About this exercise: Count the lines of the data below that include the string "assms", and provide nothing but the result.

*** Opening Data for the task ***

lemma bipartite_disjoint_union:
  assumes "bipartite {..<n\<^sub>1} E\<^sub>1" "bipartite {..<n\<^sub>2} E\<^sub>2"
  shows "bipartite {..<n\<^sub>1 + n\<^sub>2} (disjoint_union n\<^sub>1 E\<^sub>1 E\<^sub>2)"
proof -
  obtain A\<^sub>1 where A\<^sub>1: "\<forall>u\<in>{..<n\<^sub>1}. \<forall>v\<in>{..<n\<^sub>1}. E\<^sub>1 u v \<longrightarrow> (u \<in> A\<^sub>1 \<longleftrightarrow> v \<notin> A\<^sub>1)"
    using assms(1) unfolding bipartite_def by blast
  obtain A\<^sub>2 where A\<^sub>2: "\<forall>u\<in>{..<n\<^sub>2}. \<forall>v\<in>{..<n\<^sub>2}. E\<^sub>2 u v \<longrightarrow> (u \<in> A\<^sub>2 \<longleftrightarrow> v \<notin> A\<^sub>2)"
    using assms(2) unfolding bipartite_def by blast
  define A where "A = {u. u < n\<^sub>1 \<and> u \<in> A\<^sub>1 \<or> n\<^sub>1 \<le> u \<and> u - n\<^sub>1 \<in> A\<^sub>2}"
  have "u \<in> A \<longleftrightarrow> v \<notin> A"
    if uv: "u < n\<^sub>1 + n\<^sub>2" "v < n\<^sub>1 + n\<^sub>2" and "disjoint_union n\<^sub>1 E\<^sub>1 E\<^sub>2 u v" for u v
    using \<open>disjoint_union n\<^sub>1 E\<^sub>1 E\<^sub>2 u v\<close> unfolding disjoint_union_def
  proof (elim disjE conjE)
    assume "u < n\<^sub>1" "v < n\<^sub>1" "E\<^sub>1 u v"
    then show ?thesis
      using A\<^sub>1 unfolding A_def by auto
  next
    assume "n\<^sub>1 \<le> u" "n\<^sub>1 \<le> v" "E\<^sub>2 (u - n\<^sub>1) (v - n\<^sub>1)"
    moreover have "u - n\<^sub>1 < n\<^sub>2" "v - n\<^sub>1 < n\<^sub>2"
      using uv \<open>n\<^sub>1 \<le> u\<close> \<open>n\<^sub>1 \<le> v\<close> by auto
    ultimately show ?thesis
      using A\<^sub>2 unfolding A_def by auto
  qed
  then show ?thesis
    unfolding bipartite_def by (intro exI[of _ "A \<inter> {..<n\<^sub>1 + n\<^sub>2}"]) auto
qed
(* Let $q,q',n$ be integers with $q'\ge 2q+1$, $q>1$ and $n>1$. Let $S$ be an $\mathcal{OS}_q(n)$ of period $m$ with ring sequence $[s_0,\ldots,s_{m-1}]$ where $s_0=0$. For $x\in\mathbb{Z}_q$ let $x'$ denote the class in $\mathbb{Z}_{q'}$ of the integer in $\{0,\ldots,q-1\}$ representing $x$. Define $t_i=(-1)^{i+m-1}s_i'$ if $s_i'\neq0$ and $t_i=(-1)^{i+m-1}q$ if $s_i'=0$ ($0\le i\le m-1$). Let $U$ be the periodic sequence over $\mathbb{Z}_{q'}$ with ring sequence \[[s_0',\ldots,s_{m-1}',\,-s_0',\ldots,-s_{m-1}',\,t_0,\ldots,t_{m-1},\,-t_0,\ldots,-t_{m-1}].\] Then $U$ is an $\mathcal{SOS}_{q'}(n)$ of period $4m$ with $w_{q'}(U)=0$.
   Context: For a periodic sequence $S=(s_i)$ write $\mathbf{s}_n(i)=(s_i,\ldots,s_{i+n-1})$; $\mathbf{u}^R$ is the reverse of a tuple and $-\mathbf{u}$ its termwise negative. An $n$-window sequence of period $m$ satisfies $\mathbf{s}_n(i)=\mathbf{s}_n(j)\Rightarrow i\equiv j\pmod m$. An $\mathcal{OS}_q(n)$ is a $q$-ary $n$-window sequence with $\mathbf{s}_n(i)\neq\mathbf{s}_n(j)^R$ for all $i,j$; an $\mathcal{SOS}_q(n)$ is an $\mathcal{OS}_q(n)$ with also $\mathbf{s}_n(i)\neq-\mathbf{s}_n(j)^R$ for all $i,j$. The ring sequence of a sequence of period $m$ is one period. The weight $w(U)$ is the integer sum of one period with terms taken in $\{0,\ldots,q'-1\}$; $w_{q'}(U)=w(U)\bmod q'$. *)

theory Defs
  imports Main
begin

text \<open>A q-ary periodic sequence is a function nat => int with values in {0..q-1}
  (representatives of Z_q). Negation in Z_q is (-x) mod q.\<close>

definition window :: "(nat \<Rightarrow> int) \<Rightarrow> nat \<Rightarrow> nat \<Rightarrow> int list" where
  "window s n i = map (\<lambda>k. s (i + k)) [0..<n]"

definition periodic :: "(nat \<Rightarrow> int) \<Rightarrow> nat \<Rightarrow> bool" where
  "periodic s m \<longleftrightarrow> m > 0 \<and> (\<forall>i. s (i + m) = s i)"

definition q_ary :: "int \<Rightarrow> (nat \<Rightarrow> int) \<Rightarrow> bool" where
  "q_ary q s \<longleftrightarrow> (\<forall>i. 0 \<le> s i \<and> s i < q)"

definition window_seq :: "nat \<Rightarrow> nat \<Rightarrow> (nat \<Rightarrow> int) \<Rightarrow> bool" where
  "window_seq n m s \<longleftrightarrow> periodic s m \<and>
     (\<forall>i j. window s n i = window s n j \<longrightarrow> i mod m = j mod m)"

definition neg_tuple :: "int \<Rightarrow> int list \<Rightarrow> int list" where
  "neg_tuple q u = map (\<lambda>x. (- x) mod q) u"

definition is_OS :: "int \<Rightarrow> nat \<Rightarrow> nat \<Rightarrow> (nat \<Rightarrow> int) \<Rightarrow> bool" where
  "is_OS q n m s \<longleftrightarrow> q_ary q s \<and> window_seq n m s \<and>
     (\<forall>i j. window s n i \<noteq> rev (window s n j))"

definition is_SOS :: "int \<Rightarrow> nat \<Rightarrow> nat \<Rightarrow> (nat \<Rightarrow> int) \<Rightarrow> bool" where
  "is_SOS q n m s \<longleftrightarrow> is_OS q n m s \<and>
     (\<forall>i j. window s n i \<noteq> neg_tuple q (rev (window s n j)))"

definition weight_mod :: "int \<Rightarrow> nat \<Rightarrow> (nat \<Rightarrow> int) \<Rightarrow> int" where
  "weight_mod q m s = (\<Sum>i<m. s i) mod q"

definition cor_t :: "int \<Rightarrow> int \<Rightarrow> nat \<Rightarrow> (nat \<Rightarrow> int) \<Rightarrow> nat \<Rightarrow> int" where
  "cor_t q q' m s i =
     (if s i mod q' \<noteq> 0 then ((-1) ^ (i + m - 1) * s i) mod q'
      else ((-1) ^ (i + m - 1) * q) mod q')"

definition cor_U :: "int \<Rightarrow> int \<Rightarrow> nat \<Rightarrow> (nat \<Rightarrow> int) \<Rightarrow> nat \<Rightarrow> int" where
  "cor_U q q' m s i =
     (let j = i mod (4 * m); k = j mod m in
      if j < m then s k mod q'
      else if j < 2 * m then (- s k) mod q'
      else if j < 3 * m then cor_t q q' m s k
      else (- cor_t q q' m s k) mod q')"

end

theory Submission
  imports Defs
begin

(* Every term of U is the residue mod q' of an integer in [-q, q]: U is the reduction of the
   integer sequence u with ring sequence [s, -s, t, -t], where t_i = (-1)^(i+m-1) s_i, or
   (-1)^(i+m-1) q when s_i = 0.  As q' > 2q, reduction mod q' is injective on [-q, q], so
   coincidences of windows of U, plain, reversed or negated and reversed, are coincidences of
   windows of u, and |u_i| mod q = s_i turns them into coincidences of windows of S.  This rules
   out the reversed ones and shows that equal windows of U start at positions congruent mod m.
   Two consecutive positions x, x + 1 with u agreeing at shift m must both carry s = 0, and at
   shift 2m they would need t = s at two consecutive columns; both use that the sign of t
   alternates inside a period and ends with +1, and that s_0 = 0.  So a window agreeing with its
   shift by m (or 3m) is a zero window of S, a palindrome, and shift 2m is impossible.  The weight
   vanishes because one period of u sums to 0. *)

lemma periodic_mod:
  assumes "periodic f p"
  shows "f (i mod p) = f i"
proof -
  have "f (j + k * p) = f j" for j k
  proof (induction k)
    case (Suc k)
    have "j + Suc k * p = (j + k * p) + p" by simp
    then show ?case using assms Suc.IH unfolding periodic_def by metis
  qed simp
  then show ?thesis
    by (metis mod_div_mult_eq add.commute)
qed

*** Closing Data for the task ***

Task solution: 3